A section of doctors is against the passing of the bill. They warn that passing the bill is too risky. Since the procedure requires medication to be prescribed to the patient - a medication that can be taken without any medical professionals around - it gives room for a lot of foul play. Healthcare costs are on a rise, assisted suicide gives insurance companies an exponentially less expensive option because it is cheaper to prescribe death pills than pay for expensive treatments which preserve life.



 

Such cases have been documented in California and Oregon where medically assisted suicide is already legal. In these cases, insurance companies have denied to provide funds for standard treatments and have offered to cover assisted suicide. It is the cheapest option for them. Proponents of assisted suicide reference unmanageable pain at the end of life as a justification for it. However, the pain and suffering are not even among the top five reasons as to why the bill should not be passed. The top three reasons listed are the loss of enjoyment in usual activities, burden to family and loss of autonomy.

 



 

Assisted suicide, like hospice, requires a doctor to “certify” six months or less to live.

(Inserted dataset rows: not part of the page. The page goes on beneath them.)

(* Let $K$ be a field, $s\ge2$, $S=K[t_1,\ldots,t_s]$ with each $t_i$ of degree $1$, and let $\mathcal{L}\subset\mathbb{Z}^s$ be a lattice such that $I(\mathcal{L})$ is a graded ideal with $\dim S/I(\mathcal{L})=1$. Then $\mathbb{Z}^s/\mathcal{L}$ is torsion-free if and only if $I(\mathcal{L})=(t_1-t_s,\ldots,t_{s-1}-t_s)$.
   Context: A lattice is a subgroup of $\mathbb{Z}^s$. For $a\in\mathbb{Z}^s$ write $a=a^+-a^-$ with $a^+,a^-\in\mathbb{N}^s$ of disjoint supports, $t^c=t_1^{c_1}\cdots t_s^{c_s}$; $I(\mathcal{L})=(\{t^{a^+}-t^{a^-}:a\in\mathcal{L}\})$. Graded means generated by homogeneous polynomials; $\dim$ is Krull dimension. *)

theory Defs
  imports "HOL-Library.Poly_Mapping" "HOL-Library.Cardinality"
begin

text \<open>Polynomial ring K[t_i : i in 'n] over a field, variables indexed by a finite type 'n
  (so s = CARD('n)).\<close>

type_synonym ('n, 'k) mpoly = "('n \<Rightarrow>\<^sub>0 nat) \<Rightarrow>\<^sub>0 'k"

definition var :: "'n \<Rightarrow> ('n, 'k::comm_ring_1) mpoly" where
  "var i = Poly_Mapping.single (Poly_Mapping.single i 1) 1"

definition monom_of :: "('n::finite \<Rightarrow> nat) \<Rightarrow> ('n, 'k::comm_ring_1) mpoly" where
  "monom_of c = Poly_Mapping.single (Abs_poly_mapping c) 1"

definition pos_part :: "('n \<Rightarrow> int) \<Rightarrow> 'n \<Rightarrow> nat" where
  "pos_part a = (\<lambda>i. nat (a i))"
definition neg_part :: "('n \<Rightarrow> int) \<Rightarrow> 'n \<Rightarrow> nat" where
  "neg_part a = (\<lambda>i. nat (- a i))"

This poses another issue as doctors are routinely wrong. People are regularly taken in and out of hospice as they generally outlive their prognoses. There is also the problem of doctors who are happy to comply with the assisted suicide option. The procedure requires a green light from two doctors. It is pretty obvious that doctors always reach out to like-minded doctors making it easy for both to agree with the patient and prescribe the life-ending medication.

 



 

The American College of Physicians (ACP), the most respected medical specialty association in the nation, recently reiterated its opposition to assisted suicide. Lawmakers in New Jersey and healthcare policy advocates considering the issue of assisted suicide should take notice, along with the rest of us, of the very real and negative impacts this false option has on patients, their families, and on society. Terminally ill patients require love and support but until the system is fixed and the negative impacts have been reduced to a minimum, the bill should be reconsidered.